Em Immortal’s Requiem,
tocaste todos os instrumentos, mas agora tens uma banda a tocar contigo. Podes
apresentá-los e contar-nos como os descobriste?
Bem, ainda toco e programo tudo no álbum. A banda está
lá para os concertos ao vivo. São músicos absolutamente fenomenais e espero
conseguir que gravem alguma música de Phantom Spell em algum momento,
mas, neste momento, são apenas músicos ao vivo. A banda é composta por: Jose
Soler – guitarra (Chantrice, Fable) Miguel Moreno – baixo
(Chantrice, Witch Tower) Ramón Romero – teclados/backing
vocals (Anatomize, Playel) Josevi Vicente – bateria/backing
vocals (Chantrice, Whisper, Wardogs).
Eventualmente irão acompanhar-te
em digressão?
Com certeza! Pode chegar um momento em que um deles
não possa fazer um espetáculo e eu tenha que arranjar outra pessoa para
substituí-lo, mas vou fazer o possível para manter essa formação. Temos algo
especial juntos e eu realmente adoro fazer tournées com eles.
A tua voz está ainda
mais forte neste álbum, especialmente nas partes mais calmas e dramáticas. Como
é que abordaste a performance vocal de forma diferente em Heather & Hearth?

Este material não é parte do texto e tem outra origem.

lemma skel_eq_exists:
  assumes dm: "is_dist_matrix n D"
  shows "\<exists>q. skel_eq n D q"
proof -
  define q where "q = Max (case_prod D ` ({1..n} \<times> {1..n}))"
  have "skel_dist n D q i j = enat (D i j)" if ij: "i \<in> {1..n}" "j \<in> {1..n}" for i j
  proof (rule antisym)
    have "D i j \<le> q"
      unfolding q_def using ij by (intro Max_ge) auto
    then have "skel_walk n D q (if i = j then [i] else [i, j])"
      using ij by (simp add: skel_walk_Cons_Cons)
    moreover have "walk_weight D (if i = j then [i] else [i, j]) = D i j"
      using dm ij by (simp add: walk_weight_Cons_Cons is_dist_matrix_def)
    ultimately show "skel_dist n D q i j \<le> enat (D i j)"
      unfolding skel_dist_def by (intro INF_lower2[of "if i = j then [i] else [i, j]"]) auto
    show "enat (D i j) \<le> skel_dist n D q i j"
      unfolding skel_dist_def using skel_walk_weight_ge[OF dm] by (auto intro!: INF_greatest)
  qed
  then show ?thesis
    unfolding skel_eq_def by blast
qed

lemma skel_eq_shortest_walk:
  assumes "skel_eq n D q" "i \<in> {1..n}" "j \<in> {1..n}"
  obtains xs where "skel_walk n D q xs" "hd xs = i" "last xs = j" "walk_weight D xs = D i j"
proof -
  have "skel_dist n D q i j = enat (D i j)"
    using assms unfolding skel_eq_def by blast
  then show ?thesis
    unfolding skel_dist_def using that by (auto elim!: enat_INF_eq_enatE)
qed
(* Let $G=(V,E)$ be a finite graph of maximum degree $\Delta$ with no isolated vertices and adjacency matrix $A$. Let $b\in\{0\}\cup[1,\infty)$, $c(0)=0.109597$, $c(b)=0.0896883/b$ for $b\ge1$, and $0<\lambda<c(b)/\Delta$. Define, for $u\in V$, $D_u=d_u(1+\lambda)^b\log(1+\lambda)$, $\beta_u=\frac{1+\lambda}{\lambda}\frac{D_u}{W(D_u)(1+W(D_u))}$, $\gamma_u=\frac{1+\lambda}{\lambda}\frac{D_u}{d_u(1+W(D_u))}$, and $B=\mathrm{diag}(\boldsymbol\beta)$, $\Gamma=\mathrm{diag}(\boldsymbol\gamma)$. Then every $\mathbf x\in\mathbb R^V$ with $\mathbf x\ge\mathbf 0$ and $(B+\Gamma A)\mathbf x\ge\mathbf 1$ satisfies \[ \sum_{u\in V}x_u\ \ge\ \sum_{u\in V}\frac{1}{\beta_u+d_u\gamma_u}. \]
   Context: $d_u$ denotes the degree of $u$; $W:(0,\infty)\to(0,\infty)$ is the principal branch of the Lambert $W$-function (inverse of $x\mapsto xe^x$). Vector inequalities are entrywise. *)

theory Defs
  imports "HOL-Analysis.Analysis"
begin

definition lambertW :: "real \<Rightarrow> real" where
  "lambertW y = (THE w. w > 0 \<and> w * exp w = y)"

definition simple_graph :: "'a set \<Rightarrow> ('a \<Rightarrow> 'a \<Rightarrow> bool) \<Rightarrow> bool" where
  "simple_graph V E \<longleftrightarrow> finite V \<and> (\<forall>u v. E u v \<longrightarrow> u \<in> V \<and> v \<in> V)
     \<and> (\<forall>u v. E u v \<longrightarrow> E v u) \<and> (\<forall>u. \<not> E u u)"

definition degree :: "'a set \<Rightarrow> ('a \<Rightarrow> 'a \<Rightarrow> bool) \<Rightarrow> 'a \<Rightarrow> nat" where
  "degree V E u = card {v \<in> V. E u v}"

definition max_degree :: "'a set \<Rightarrow> ('a \<Rightarrow> 'a \<Rightarrow> bool) \<Rightarrow> nat" where
  "max_degree V E = Max (degree V E ` V)"

definition adj :: "('a \<Rightarrow> 'a \<Rightarrow> bool) \<Rightarrow> 'a \<Rightarrow> 'a \<Rightarrow> real" where
  "adj E u v = (if E u v then 1 else 0)"

definition cconst :: "real \<Rightarrow> real" where
  "cconst b = (if b = 0 then 0.109597 else 0.0896883 / b)"

definition Dval :: "real \<Rightarrow> real \<Rightarrow> nat \<Rightarrow> real" where
  "Dval b lam d = real d * (1 + lam) powr b * ln (1 + lam)"

definition betaval :: "real \<Rightarrow> real \<Rightarrow> nat \<Rightarrow> real" where
  "betaval b lam d = (1 + lam) / lam *
     (Dval b lam d / (lambertW (Dval b lam d) * (1 + lambertW (Dval b lam d))))"

definition gammaval :: "real \<Rightarrow> real \<Rightarrow> nat \<Rightarrow> real" where
  "gammaval b lam d = (1 + lam) / lam *
     (Dval b lam d / (real d * (1 + lambertW (Dval b lam d))))"

end

theory Submission
  imports Defs
begin

(* Write a = (1+lam)^b ln(1+lam), k = (1+lam)/lam and w_u = W(a d_u).  Then
   beta_u = k e^(w_u)/(1+w_u), gamma_u = k a/(1+w_u) and 1/(beta_u + d_u gamma_u) = e^(-w_u)/k;
   the hypothesis on lam enters only through a Delta <= 1/4.
   By LP weak duality it suffices to find a dual solution y >= 0 of (B + A Gamma) y = 1 with
   sum y >= sum e^(-w)/k.  Take y_u = Y_u (1+w_u)/k, where Y >= 0 solves the diagonally dominant
   system e^w Y + a A Y = 1.  Since a d_u e^(-w_u) = w_u, the gap sum Y(1+w) - sum e^(-w) is
   a times the Dirichlet form of A evaluated at Y and e^(-w).  Splitting Y = e^(-w)/(1+w) + delta,
   this form is bounded below using the energy identity of the system solved by delta and the
   mean value theorem, which pins the slope of t |-> e^(-t)/(1+t) relative to e^(-t) to [1,2]. *)

lemma lambertW:
  assumes "0 < y"
  shows "0 < lambertW y" and "lambertW y * exp (lambertW y) = y"
proof -
  have "\<exists>w\<ge>0. w \<le> y \<and> w * exp w = y"
  proof (rule IVT)
    show "0 * exp 0 \<le> y" and "y \<le> y * exp y" and "0 \<le> y"
      using assms by simp_all
    show "\<forall>w. 0 \<le> w \<and> w \<le> y \<longrightarrow> isCont (\<lambda>w. w * exp w) w"
      by (auto intro!: continuous_intros)
  qed
  then obtain w where "0 \<le> w" and w: "w * exp w = y"
    by blast
  with assms have "0 < w"
    by (cases "w = 0") auto
  have strict_mono: "s * exp s < t * exp t" if "0 \<le> s" and "s < t" for s t :: real
    using that by (intro mult_strict_mono) auto
  have "lambertW y = w"
    unfolding lambertW_def
  proof (rule the_equality)
    show "0 < w \<and> w * exp w = y"
      using \<open>0 < w\<close> w by simp
    show "z = w" if "0 < z \<and> z * exp z = y" for z
      using strict_mono[of z w] strict_mono[of w z] that w \<open>0 < w\<close>
      by (cases z w rule: linorder_cases) auto
  qed
  with \<open>0 < w\<close> w show "0 < lambertW y" and "lambertW y * exp (lambertW y) = y"
    by simp_all
qed
lemma excursion_child:
  assumes "excursion d \<sigma> v \<sigma>' V" "i < d"
  shows "(explores d (\<sigma> v) i \<longrightarrow> (\<exists>\<tau>' W. excursion d \<sigma> (v @ [i]) \<tau>' W \<and> V \<inter> subtree (v @ [i]) = W
             \<and> (\<forall>w\<in>subtree (v @ [i]). \<sigma>' w = \<tau>' w))) \<and>
         (\<not> explores d (\<sigma> v) i \<longrightarrow> V \<inter> subtree (v @ [i]) = {} \<and> (\<forall>w\<in>subtree (v @ [i]). \<sigma>' w = \<sigma> w))"
  using assms
proof (induction rule: excursion.induct)
  case (base \<sigma> v)
  then show ?case using not_in_subtree_snoc[of v i] by (auto simp: explores_def)
next
  case (step j \<sigma> v \<sigma>1 W \<sigma>2 V)
  let ?c = "d - j"
  have fr1: "\<forall>w. w \<notin> W \<longrightarrow> \<sigma>1 w = (\<sigma>(v := j)) w" "W \<subseteq> subtree (v @ [?c])"
    using excursion_frame[OF step.hyps(3)] unfolding subtree_def by auto
  have fr2: "V \<subseteq> subtree v" using excursion_frame[OF step.hyps(4)] unfolding subtree_def by auto
  have jd: "j \<le> d" "0 < j" using rotor_succ_le step.hyps(1,2) by auto
  have s1v: "\<sigma>1 v = j" using fr1 not_in_subtree_snoc[of v ?c] by auto
  have s1eq: "\<forall>w\<in>subtree (v @ [i]). \<sigma>1 w = \<sigma> w" if "i \<noteq> ?c"
    using fr1 subtree_snoc_disjoint[OF that] not_in_subtree_snoc[of v i] by (metis fun_upd_apply subsetD)
  note IH2 = step.IH(2)[OF step.prems]
  consider "i = ?c" | "i < ?c" | "i > ?c" by linarith
  then show ?case
  proof cases
    case 1
    have ex: "explores d (\<sigma> v) i" using 1 jd step.hyps(1) by (auto simp: explores_def)
    have nex: "\<not> explores d (\<sigma>1 v) i" using 1 s1v jd by (auto simp: explores_def rotor_succ_eq)
    have agree: "\<forall>u. \<sigma> ((v @ [?c]) @ u) = (\<sigma>(v := j)) ((v @ [?c]) @ u)" by simp
    have L: "excursion d \<sigma> (v @ [i]) (override_subtree (v @ [?c]) \<sigma>1 \<sigma>) W" using excursion_local[OF step.hyps(3) agree] 1 by simp
    have "(V \<union> W) \<inter> subtree (v @ [i]) = W" using IH2 nex fr1(2) 1 by auto
    moreover have "\<forall>w\<in>subtree (v @ [i]). \<sigma>2 w = override_subtree (v @ [?c]) \<sigma>1 \<sigma> w"
      using IH2 nex 1 unfolding override_subtree_def subtree_def by auto
    ultimately show ?thesis using ex L by blast
  next
    case 2
    have ex: "explores d (\<sigma> v) i" using 2 jd step.hyps(1) by (auto simp: explores_def)
    have ex1: "explores d (\<sigma>1 v) i" using 2 s1v jd by (auto simp: explores_def rotor_succ_eq)
    obtain \<tau>' W' where T: "excursion d \<sigma>1 (v @ [i]) \<tau>' W'" "V \<inter> subtree (v @ [i]) = W'" "\<forall>w\<in>subtree (v @ [i]). \<sigma>2 w = \<tau>' w"
      using IH2 ex1 by blast
    have agree: "\<forall>u. \<sigma> ((v @ [i]) @ u) = \<sigma>1 ((v @ [i]) @ u)" using s1eq 2 unfolding subtree_def by auto
    have L: "excursion d \<sigma> (v @ [i]) (override_subtree (v @ [i]) \<tau>' \<sigma>) W'" using excursion_local[OF T(1) agree] .
    have "W \<inter> subtree (v @ [i]) = {}" using fr1(2) subtree_snoc_disjoint[of ?c i] 2 by auto
    then have "(V \<union> W) \<inter> subtree (v @ [i]) = W'" using T(2) by auto
    moreover have "\<forall>w\<in>subtree (v @ [i]). \<sigma>2 w = override_subtree (v @ [i]) \<tau>' \<sigma> w"
      using T(3) unfolding override_subtree_def subtree_def by auto
    ultimately show ?thesis using ex L by blast
  next
    case 3
    have nex: "\<not> explores d (\<sigma> v) i" using 3 jd step.hyps(1) by (auto simp: explores_def)
    have nex1: "\<not> explores d (\<sigma>1 v) i" using 3 s1v jd by (auto simp: explores_def rotor_succ_eq)
    have "W \<inter> subtree (v @ [i]) = {}" using fr1(2) subtree_snoc_disjoint[of ?c i] 3 by auto
    then show ?thesis using IH2 nex nex1 s1eq 3 by auto
  qed
qed

text \<open>The number of the first \<open>k\<close> excursions from the root that enter the subtree of child
  \<open>i\<close>: every excursion after the first starts with root rotor \<open>0\<close> and hence visits all children.\<close>

definition child_visits :: "nat \<Rightarrow> (nat list \<Rightarrow> nat) \<Rightarrow> nat \<Rightarrow> nat \<Rightarrow> nat" where
  "child_visits d \<rho> i k = (if k = 0 then 0 else if explores d (\<rho> []) i then k else k - 1)"

lemma child_visits_Suc:
  assumes "excursion_chain d \<rho> (Suc k) \<sigma>s Vs" "i < d"
  shows "child_visits d \<rho> i (Suc k) =
    (if explores d (\<sigma>s k []) i then Suc (child_visits d \<rho> i k) else child_visits d \<rho> i k)"
proof (cases k)
  case 0
  then show ?thesis using assms(1) unfolding child_visits_def excursion_chain_def by auto
next
  case (Suc k')
  then have "excursion d (\<sigma>s k') [] (\<sigma>s k) (Vs k)" using assms(1) unfolding excursion_chain_def by auto
  then have "\<sigma>s k [] = 0" using excursion_frame by blast
  then show ?thesis using Suc explores_0[of d i] assms(2) unfolding child_visits_def by auto
qed

lemma excursion_chain_child:
  assumes "excursion_chain d \<rho> k \<sigma>s Vs" "i < d"
  shows "\<exists>\<sigma>s' Vs'. excursion_chain d (\<rho> \<circ> Cons i) (child_visits d \<rho> i k) \<sigma>s' Vs'
     \<and> \<sigma>s' (child_visits d \<rho> i k) = \<sigma>s k \<circ> Cons i
     \<and> (\<Union>j\<in>{1..k}. Vs j) \<inter> subtree [i] = Cons i ` (\<Union>j\<in>{1..child_visits d \<rho> i k}. Vs' j)"
  using assms
proof (induction k)
  case 0
  then show ?case
    by (intro exI[of _ "\<lambda>_. \<rho> \<circ> Cons i"] exI[of _ "\<lambda>_. {}"]) (auto simp: excursion_chain_def child_visits_def)
next
  case (Suc k)
  let ?m = "child_visits d \<rho> i k"
  have L: "excursion d (\<sigma>s k) [] (\<sigma>s (Suc k)) (Vs (Suc k))"
    using Suc.prems unfolding excursion_chain_def by auto
  have "excursion_chain d \<rho> k \<sigma>s Vs" using Suc.prems unfolding excursion_chain_def by auto
  then obtain \<sigma>s' Vs' where IH: "excursion_chain d (\<rho> \<circ> Cons i) ?m \<sigma>s' Vs'"
    "\<sigma>s' ?m = \<sigma>s k \<circ> Cons i" "(\<Union>j\<in>{1..k}. Vs j) \<inter> subtree [i] = Cons i ` (\<Union>j\<in>{1..?m}. Vs' j)"
    using Suc.IH Suc.prems(2) by blast
  have U: "(\<Union>j\<in>{1..Suc k}. Vs j) = (\<Union>j\<in>{1..k}. Vs j) \<union> Vs (Suc k)"
    by (subst atLeastAtMostSuc_conv) auto
  note child = excursion_child[OF L Suc.prems(2), simplified]
  note visits = child_visits_Suc[OF Suc.prems]
  show ?case
  proof (cases "explores d (\<sigma>s k []) i")
    case True
    obtain \<tau>' W where T: "excursion d (\<sigma>s k) [i] \<tau>' W" "Vs (Suc k) \<inter> subtree [i] = W"
      "\<forall>w\<in>subtree [i]. \<sigma>s (Suc k) w = \<tau>' w" using child True by blast
    have S: "excursion d (\<sigma>s k \<circ> Cons i) [] (\<tau>' \<circ> Cons i) {w. i # w \<in> W}"
      using excursion_shift[OF T(1)] by simp
    define \<sigma>s2 where "\<sigma>s2 = \<sigma>s'(Suc ?m := \<tau>' \<circ> Cons i)"
    define Vs2 where "Vs2 = Vs'(Suc ?m := {w. i # w \<in> W})"
    have "excursion_chain d (\<rho> \<circ> Cons i) (Suc ?m) \<sigma>s2 Vs2"
      using IH(1) S IH(2) unfolding excursion_chain_def \<sigma>s2_def Vs2_def by (auto simp: less_Suc_eq)
    moreover have "\<sigma>s2 (Suc ?m) = \<sigma>s (Suc k) \<circ> Cons i"
      using T(3) unfolding \<sigma>s2_def by (auto simp: fun_eq_iff subtree_def)
    moreover have "(\<Union>j\<in>{1..Suc k}. Vs j) \<inter> subtree [i] = Cons i ` (\<Union>j\<in>{1..Suc ?m}. Vs2 j)"
    proof -
      have "(\<Union>j\<in>{1..Suc ?m}. Vs2 j) = (\<Union>j\<in>{1..?m}. Vs' j) \<union> {w. i # w \<in> W}"
        unfolding Vs2_def by (subst atLeastAtMostSuc_conv) auto
      moreover have "W = Cons i ` {w. i # w \<in> W}"
        using T(2) unfolding subtree_def by auto
      ultimately show ?thesis unfolding U Int_Un_distrib2 IH(3) T(2) by (metis image_Un)
    qed
    moreover have "child_visits d \<rho> i (Suc k) = Suc ?m" using visits True by simp
    ultimately show ?thesis by metis
  next
    case False
    have T: "Vs (Suc k) \<inter> subtree [i] = {}" "\<forall>w\<in>subtree [i]. \<sigma>s (Suc k) w = \<sigma>s k w"
      using child False by blast+
    have "\<sigma>s' ?m = \<sigma>s (Suc k) \<circ> Cons i" using IH(2) T(2) by (auto simp: fun_eq_iff subtree_def)
    moreover have "(\<Union>j\<in>{1..Suc k}. Vs j) \<inter> subtree [i] = Cons i ` (\<Union>j\<in>{1..?m}. Vs' j)"
      unfolding U Int_Un_distrib2 IH(3) T(1) by simp
    moreover have "child_visits d \<rho> i (Suc k) = ?m" using visits False by simp
    ultimately show ?thesis using IH(1) by metis
  qed
qed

Não posso dizer que tenha feito algo diferente do que
fiz no passado. Acho que melhorei na altura de encontrar a tonalidade e o ritmo
certos para a minha voz. Nos primeiros tempos dos Seven Sisters, eu
simplesmente escrevia a música e tentava forçar a minha voz a se encaixar na
ideia. Agora que tenho um pouco mais de experiência (e paciência), dedico tempo
para realmente encontrar o lugar certo na minha voz para a melodia. Isso pode
significar experimentar as músicas em algumas tonalidades diferentes para encontrar
o melhor equilíbrio entre estar confortável e ainda ter um bom tom. Acho que
tenho cantado bastante desde o lançamento de Immortal's Requiem, portanto
também melhorei um pouco por causa disso. Ainda sou muito novato quando se
trata de cantar. Pretendo ter algumas aulas em breve para aprender mais sobre o
instrumento e para me ajudar a continuar a fazer isto o máximo de tempo
possível!
Consideramos que Heather & Hearth
é um passo à frente em comparação com Immortal’s Requiem, sendo mais
ambicioso, emocionalmente ressonante e cuidadosamente elaborado. Como achas que
este álbum contribui para a evolução artística dos Phantom Spell?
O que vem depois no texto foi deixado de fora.